===== Extracted material =====
theorem free_monoid_prefix_monoid:
  assumes "unbordered w"
  shows "free_monoid_with_primes (prefix_monoid A w) (prefix_monoid_primes A w)"
proof (rule free_monoid_with_primesI)
  show "[] \<notin> prefix_monoid_primes A w"
    using assms by (simp add: prefix_monoid_primes_def unbordered_def)
  show "p = p'" if "p \<in> prefix_monoid_primes A w" "p' \<in> prefix_monoid_primes A w"
    "x \<in> prefix_monoid A w" "y \<in> prefix_monoid A w" "p @ x = p' @ y" for p p' x y
    using prefix_monoid_primes_cancel[OF assms that] prefix_monoid_primes_cancel[OF assms that(2,1,4,3) that(5)[symmetric]]
    by (metis nat_le_linear)
qed (use prefix_monoid_factorization[OF assms] in \<open>auto simp: prefix_monoid_def prefix_monoid_primes_def\<close>)

lemma unbordered_Cons_replicate:
  assumes "x \<noteq> y"
  shows "unbordered (x # replicate n y)"
  unfolding unbordered_def
proof (intro conjI allI impI)
  fix u assume u: "u \<noteq> [] \<and> prefix u (x # replicate n y) \<and> suffix u (x # replicate n y)"
  then obtain v where v: "x # replicate n y = v @ u" by (auto elim: suffixE)
  obtain zs where "x # replicate n y = u @ zs" using u by (auto simp: prefix_def)
  then have "hd u = x" using u by (metis hd_append2 list.sel(1))
  show "u = x # replicate n y"
  proof (cases v)
    case Nil
    then show ?thesis using v by simp
  next
    case (Cons x' v')
    then have "replicate n y = v' @ u" using v by simp
    then have "set u \<subseteq> {y}" by (metis Un_subset_iff set_append set_replicate_conv_if empty_subsetI order_refl)
    then have "hd u = y" using u hd_in_set by blast
    then show ?thesis using \<open>hd u = x\<close> assms by simp
  qed
qed simp

lemma sublist_Cons_replicate_append_iff:
  assumes "x \<noteq> y"
  shows "sublist (x # v) (replicate i y @ q) \<longleftrightarrow> sublist (x # v) q"
  using assms by (induction i) (auto simp: sublist_Cons_right)
lemma abs_interp_proj_le_proj_norm:
  fixes v :: "nat \<Rightarrow> real^'n"
  assumes "nondeg_simplex v" and "\<forall>k\<le>CARD('n). v k \<in> cball 0 1"
    and "continuous_on (cball 0 1) f" and "\<forall>y\<in>cball 0 1. \<bar>f y\<bar> \<le> 1" and "x \<in> cball 0 1"
  shows "\<bar>interp_proj v f x\<bar> \<le> proj_norm v"
  unfolding proj_norm_def
proof (rule cSup_upper)
  show "\<bar>interp_proj v f x\<bar> \<in> {\<bar>interp_proj v f x\<bar> | f x.
      continuous_on (cball 0 1) f \<and> (\<forall>y\<in>cball 0 1. \<bar>f y\<bar> \<le> 1) \<and> x \<in> cball (0::real^'n) 1}"
    using assms(3-5) by blast
  obtain a b where ab: "barycentric_coords v a b"
    using barycentric_coords_exist[OF assms(1)] by blast
  show "bdd_above {\<bar>interp_proj v f x\<bar> | f x.
      continuous_on (cball 0 1) f \<and> (\<forall>y\<in>cball 0 1. \<bar>f y\<bar> \<le> 1) \<and> x \<in> cball (0::real^'n) 1}"
  proof (rule bdd_aboveI, safe)
    fix g :: "real^'n \<Rightarrow> real" and y :: "real^'n"
    assume g: "\<forall>y\<in>cball 0 1. \<bar>g y\<bar> \<le> 1" and y: "y \<in> cball 0 1"
    have "\<bar>interp_proj v g y\<bar> \<le> (\<Sum>j\<le>CARD('n). \<bar>g (v j)\<bar> * \<bar>a j \<bullet> y + b j\<bar>)"
      unfolding interp_proj_barycentric[OF assms(1) ab] abs_mult[symmetric] by (rule sum_abs)
    also have "\<dots> \<le> (\<Sum>j\<le>CARD('n). 1 * (norm (a j) + \<bar>b j\<bar>))"
    proof (intro sum_mono mult_mono)
      fix j assume "j \<in> {..CARD('n)}"
      then show "\<bar>g (v j)\<bar> \<le> 1" using g assms(2) by auto
      have "\<bar>a j \<bullet> y\<bar> \<le> norm (a j) * norm y" by (rule Cauchy_Schwarz_ineq2)
      also have "\<dots> \<le> norm (a j)" using y by (simp add: mult_left_le)
      finally show "\<bar>a j \<bullet> y + b j\<bar> \<le> norm (a j) + \<bar>b j\<bar>" by linarith
    qed auto
    finally show "\<bar>interp_proj v g y\<bar> \<le> (\<Sum>j\<le>CARD('n). norm (a j) + \<bar>b j\<bar>)" by simp
  qed
qed
(* Let $m\ge1$ be an integer and $p=1/2^m$. Let $f:\{0,1\}^n\to\mathbb{R}$ and $g=\mathrm{Red}(f):\{0,1\}^{mn}\to\mathbb{R}$ as defined below. For $S\subseteq\{1,\dots,mn\}$ let $S_i=S\cap\{(i-1)m+1,\dots,im\}$ for $i=1,\dots,n$, let $S'=\{i:|S_i|>0\}\subseteq\{1,\dots,n\}$ and $k=|S'|$. Then \[ \hat g(S)=\Big(-\sqrt{\tfrac{p}{1-p}}\Big)^k(-1)^{|S|}\hat f(S'), \] where $\hat g$ is w.r.t. the uniform measure on $\{0,1\}^{mn}$ and $\hat f$ is w.r.t. $\mu_p$.
   Context: For $0<p<1$, $\mu_p$ denotes the product measure on $\{0,1\}^n$ with $\mu_p(x)=p^{\sum_i x_i}(1-p)^{n-\sum_i x_i}$; $\mu_{1/2}$ is the uniform measure. Elements of $\{0,1\}^n$ are identified with subsets of $\{1,\dots,n\}$. For $S,T\subseteq\{1,\dots,n\}$, $u_S(T)=\big(-\sqrt{(1-p)/p}\big)^{|S\cap T|}\big(\sqrt{p/(1-p)}\big)^{|S\setminus T|}$ (for $p=1/2$, $u_S(T)=(-1)^{|S\cap T|}$); these form an orthonormal basis of $L^2(\mu_p)$ and $\hat f(S)=\mathbb{E}_{\mu_p}[fu_S]$ is the Fourier–Walsh coefficient, so $f=\sum_S\hat f(S)u_S$. Reduction for $p=t/2^m$ (here $t=1$): write $y\in\{0,1\}^{mn}$ as $(y^1,\dots,y^n)$, $y^i=(y^i_1,\dots,y^i_m)\in\{0,1\}^m$, where $y^i_j$ is coordinate $(i-1)m+j$ of $y$. Let $\mathrm{Bin}(y^i)=\sum_{j=0}^{m-1}2^jy^i_{m-j}$, $h(y^i)=1$ if $\mathrm{Bin}(y^i)\ge 2^m-t$ and $0$ otherwise, and $\mathrm{Red}(f)=g$, $g(y)=f(h(y^1),\dots,h(y^n))$. *)

theory Defs
  imports Complex_Main
begin
(* Let $p$ be a prime and let $\theta\in\mathbb{F}_p((X^{-1}))$ be a counterexample to the $X$-adic Littlewood conjecture over $\mathbb{F}_p$ with finite deficiency $D(\theta)\in\mathbb{N}_0$, i.e. for every $r\ge0$ all partial quotients $A^{(r)}_j$ of the simple continued fraction expansion of $\langle X^r\theta\rangle$ satisfy $\deg(A^{(r)}_j)\le D(\theta)+1$. Then for every $m>D(\theta)$ the three $\mathbb{N}\times m$ matrices $I^{(m)}$, $H^{(m)}(\theta)$ and $J^{(m)}$ generate a digital $(D(\theta),m,3)$-net over $\mathbb{F}_p$.
   Context: $\mathbb{F}_p((X^{-1}))$ is the field of formal Laurent series $\theta=\sum_{i=j}^\infty a_iX^{-i}$ over $\mathbb{F}_p$, with $|\theta|=2^{-j}$ for $a_j\ne0$, fractional part $\langle\theta\rangle=\sum_{i\ge\max\{1,j\}}a_iX^{-i}$, $\|\theta\|=|\langle\theta\rangle|$; $\theta$ is a counterexample to the $X$-adic Littlewood conjecture if $\inf_{r\ge0,Q\in\mathbb{F}_p[X]\setminus\{0\}}|Q|\cdot\|X^rQ\theta\|>0$. Matrices (rows indexed by $1,2,\dots$, columns by $0,\dots,m-1$): $I^{(m)}$ has entry $1$ in row $k$, column $k-1$ and $0$ elsewhere; $H^{(m)}(\theta)$ has entry $a_{k+l}$ in row $k$, column $l$ (with $a_i=0$ for $1\le i<j$); $J^{(m)}$ is the upper antidiagonal matrix with entry $1$ in row $k$, column $m-k$ for $1\le k\le m$ and $0$ elsewhere. Digital point set: for $0\le n<p^m$ with base-$p$ digits $\vec n=(n_0,\dots,n_{m-1})^T$, compute $C_i\vec n=(y^{(i)}_1,y^{(i)}_2,\dots)^T$ mod $p$ and set $x^{(i)}_n=\sum_k y^{(i)}_kp^{-k}$. It is a digital $(t,m,3)$-net over $\mathbb{F}_p$ ($0\le t<m$) if for all $d_1,d_2,d_3\in\mathbb{N}_0$ with $d_1+d_2+d_3\le m-t$ the matrix formed by the upper $d_1$ rows of $C_1$, the upper $d_2$ rows of $C_2$ and the upper $d_3$ rows of $C_3$ has full row rank $d_1+d_2+d_3$. *)

theory Defs
  imports "HOL-Computational_Algebra.Computational_Algebra" "HOL-Library.Cardinality"
begin
lemma vglue_faces:
  shows "i < k \<Longrightarrow> trim j 1 (vshift i (trim j k (vglue xs bs))) = xs ! i"
    and "i \<le> k \<Longrightarrow> trim j 0 (vshift i (trim j k (vglue xs bs))) = bs ! i"
proof -
  assume i: "i < k"
  have "trim j 1 (vshift i (vglue xs bs)) = trim j 1 (xs ! i)"
    unfolding trim_eq_iff using face_components[OF i] objects_constant[of i] i
    by (auto simp: le_Suc_eq)
  also have "\<dots> = xs ! i"
    by (rule NB_trim[OF faces[OF i]])
  finally show "trim j 1 (vshift i (trim j k (vglue xs bs))) = xs ! i"
    using i by (simp add: trim_vshift_trim)
next
  assume i: "i \<le> k"
  have "trim j 0 (vshift i (vglue xs bs)) = trim j 0 (bs ! i)"
    unfolding trim_eq_iff using objects_constant[of i] i by auto
  also have "\<dots> = bs ! i"
    by (rule NB_trim[OF points[OF i]])
  finally show "trim j 0 (vshift i (trim j k (vglue xs bs))) = bs ! i"
    using i by (simp add: trim_vshift_trim)
qed

end

text \<open>Condition (ii): the Segal maps \<open>S\<^sub>j\<^sub>,\<^sub>k\<close> are bijections.  Note that this uses none of
  the bicategory axioms.\<close>

theorem segal_cond_2_nerve: "segal_cond_2 (NB B) (nerve_map B) j k"
proof -
  let ?W = "wpb (NB B j 1) (NB B j 0) (trim j 0) (\<lambda>y. trim j 0 (vshift 1 y)) k"
  have "inj_on (segal_map_2 (nerve_map B) j k) (NB B j k)"
    by (rule inj_onI, rule vertical_faces_determine)
       (auto simp: segal_map_2_eq map_eq_conv simp del: upt_Suc)
  moreover have "segal_map_2 (nerve_map B) j k ` NB B j k \<subseteq> ?W"
    by (auto simp: segal_map_2_eq wpb_def vface_in_NB trim_vshift_trim simp del: upt_Suc)
  moreover have "?W \<subseteq> segal_map_2 (nerve_map B) j k ` NB B j k"
  proof
    fix w assume "w \<in> ?W"
    obtain xs bs where w: "w = (xs, bs)" by (cases w)
    have len: "length xs = k" "length bs = Suc k"
      and sub: "set xs \<subseteq> NB B j 1" "set bs \<subseteq> NB B j 0"
      and ends: "\<forall>i<k. trim j 0 (xs ! i) = bs ! i \<and> trim j 0 (vshift 1 (xs ! i)) = bs ! Suc i"
      using \<open>w \<in> ?W\<close> unfolding w wpb_def by auto
    interpret vertical_column B j k xs bs
      by unfold_locales (use len sub ends in \<open>auto intro!: subsetD[OF _ nth_mem]\<close>)
    have "trim j k (vglue xs bs) \<in> NB B j k" "segal_map_2 (nerve_map B) j k (trim j k (vglue xs bs)) = w"
      using laws_vglue vglue_faces len
      by (auto simp: w trim_in_NB segal_map_2_eq intro!: nth_equalityI simp del: upt_Suc)
    then show "w \<in> segal_map_2 (nerve_map B) j k ` NB B j k" by blast
  qed
  ultimately show ?thesis
    unfolding segal_cond_2_def bij_betw_def vertical_faces by blast
qed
=====
Task details:
Starting at the line that contains "fix w assume" and stopping after the line that contains "i \<and> trim", write out every line exactly as it appears above, and no other line.

Answer:
    fix w assume "w \<in> ?W"
    obtain xs bs where w: "w = (xs, bs)" by (cases w)
    have len: "length xs = k" "length bs = Suc k"
      and sub: "set xs \<subseteq> NB B j 1" "set bs \<subseteq> NB B j 0"
      and ends: "\<forall>i<k. trim j 0 (xs ! i) = bs ! i \<and> trim j 0 (vshift 1 (xs ! i)) = bs ! Suc i"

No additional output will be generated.